There are "very strong indications" that the murder of former spy Alexander Litvinenko in London in 2006 was linked to the Russian state, the BBC quoted a senior security offical as saying late Monday.
Litvinenko, a fierce critic of the Kremlin under former Russian president Vladimir Putin, died after suffering radiation poisoning thought to have been ingested through a cup of tea.
Britain wants to charge Russian lawmaker Andrei Lugovoi, another former spy, over the death but Russia will not extradite him, one of the key issues contributing to cool relations between the two nations.
"We very strongly believe the Litvinenko case to have had some state involvement," the unnamed senior security official was quoted as saying.

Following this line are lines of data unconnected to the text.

lemma integrable_exp_neg_mono:
  fixes V :: "'a \<Rightarrow> real"
  assumes "integrable M (\<lambda>x. exp (- s * V x))" "V \<in> borel_measurable M"
    and "AE x in M. 0 \<le> V x" "s \<le> s'"
  shows "integrable M (\<lambda>x. exp (- s' * V x))"
proof (rule Bochner_Integration.integrable_bound[OF assms(1)])
  show "(\<lambda>x. exp (- s' * V x)) \<in> borel_measurable M" using assms(2) by measurable
  show "AE x in M. norm (exp (- s' * V x)) \<le> norm (exp (- s * V x))"
    using assms(3) by eventually_elim (use assms(4) in \<open>simp add: mult_right_mono\<close>)
qed

lemma integral_exp_pos:
  fixes f :: "'a \<Rightarrow> real"
  assumes "integrable M (\<lambda>x. exp (f x))" "emeasure M (space M) \<noteq> 0"
  shows "0 < (\<integral>x. exp (f x) \<partial>M)"
proof -
  have "(\<integral>x. exp (f x) \<partial>M) \<noteq> 0"
    using assms by (subst integral_nonneg_eq_0_iff_AE) (auto simp: eventually_False ae_filter_eq_bot_iff)
  moreover have "0 \<le> (\<integral>x. exp (f x) \<partial>M)" by simp
  ultimately show ?thesis by linarith
qed

lemma integral_exp_shrink_le:
  fixes V :: "'a \<Rightarrow> real"
  assumes [measurable]: "V \<in> borel_measurable M"
    and V_nonneg: "AE x in M. 0 \<le> V x"
    and int: "integrable M (\<lambda>x. exp (- (t / 4) * V x))"
    and "0 \<le> t" "0 \<le> \<delta>" "\<delta> \<le> 1 / 2"
  shows "(\<integral>x. exp (- t * V x) \<partial>M) \<le> (\<integral>x. exp (- t * (1 - \<delta>) * V x) \<partial>M)"
    and "(\<integral>x. exp (- t * (1 - \<delta>) * V x) \<partial>M) - (\<integral>x. exp (- t * V x) \<partial>M)
           \<le> 4 * \<delta> * (\<integral>x. exp (- (t / 4) * V x) \<partial>M)"
proof -
  have int_t: "integrable M (\<lambda>x. exp (- t * V x))"
    using integrable_exp_neg_mono[OF int] assms(4) V_nonneg by simp
  have "t / 4 \<le> t * (1 - \<delta>)" using assms(4-6) mult_left_mono[of "1 / 2" "1 - \<delta>" t] by simp
  then have int_\<delta>: "integrable M (\<lambda>x. exp (- t * (1 - \<delta>) * V x))"
    using integrable_exp_neg_mono[OF int, of "t * (1 - \<delta>)"] V_nonneg by simp
  have "t * (1 - \<delta>) \<le> t" using assms(4,5) by (simp add: algebra_simps)
  then show "(\<integral>x. exp (- t * V x) \<partial>M) \<le> (\<integral>x. exp (- t * (1 - \<delta>) * V x) \<partial>M)"
    using int_t int_\<delta> V_nonneg
    by (intro integral_mono_AE) (auto elim!: eventually_mono intro!: mult_right_mono)
  have "(\<integral>x. exp (- t * (1 - \<delta>) * V x) \<partial>M) - (\<integral>x. exp (- t * V x) \<partial>M)
      = (\<integral>x. exp (- t * (1 - \<delta>) * V x) - exp (- t * V x) \<partial>M)"
    using int_t int_\<delta> by simp
  also have "\<dots> \<le> (\<integral>x. 4 * \<delta> * exp (- (t / 4) * V x) \<partial>M)"
  proof (rule integral_mono_AE)
    show "AE x in M. exp (- t * (1 - \<delta>) * V x) - exp (- t * V x) \<le> 4 * \<delta> * exp (- (t / 4) * V x)"
      using V_nonneg
    proof eventually_elim
      fix x assume "0 \<le> V x"
      then have "0 \<le> t * V x" using assms(4) by simp
      then have "exp (- (1 - \<delta>) * (t * V x)) - exp (- (t * V x)) \<le> 4 * \<delta> * exp (- (t * V x) / 4)"
        using assms(5,6) by (rule exp_shrink_diff_le)
      moreover have "exp (- t * (1 - \<delta>) * V x) = exp (- (1 - \<delta>) * (t * V x))"
        "exp (- t * V x) = exp (- (t * V x))" "exp (- (t / 4) * V x) = exp (- (t * V x) / 4)"
        by (simp_all add: algebra_simps)
      ultimately show "exp (- t * (1 - \<delta>) * V x) - exp (- t * V x) \<le> 4 * \<delta> * exp (- (t / 4) * V x)"
        by (simp only:)
    qed
  qed (use int_t int_\<delta> int in simp_all)
  finally show "(\<integral>x. exp (- t * (1 - \<delta>) * V x) \<partial>M) - (\<integral>x. exp (- t * V x) \<partial>M)
      \<le> 4 * \<delta> * (\<integral>x. exp (- (t / 4) * V x) \<partial>M)"
    by simp
qed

The BBC said this was the first time a senior official had publicly made such a link.
The source added that a foiled apparent assassination bid last year against exiled Russian oligarch Boris Berezovsky, who left Russia after falling out with Putin, showed "willingness to consider operations against people in the West."
Such incidents have serious repercussions, the source added: "(It) messes up the relationship big time."
Security service MI5 says there are the same number of Russian intelligence officers in London now as during Soviet times and that they, along with Chinese agents, "present the greatest concern".
British Prime Minister Gordon Brown met Russian President Dmitry Medvedev at the G8 summit in Japan Monday and pledged to raise "all the outstanding issues".
Litvinenko's widow Marina welcomed Britain's "principled stand" over the extradition of Lugovoi in a statement released following the meeting.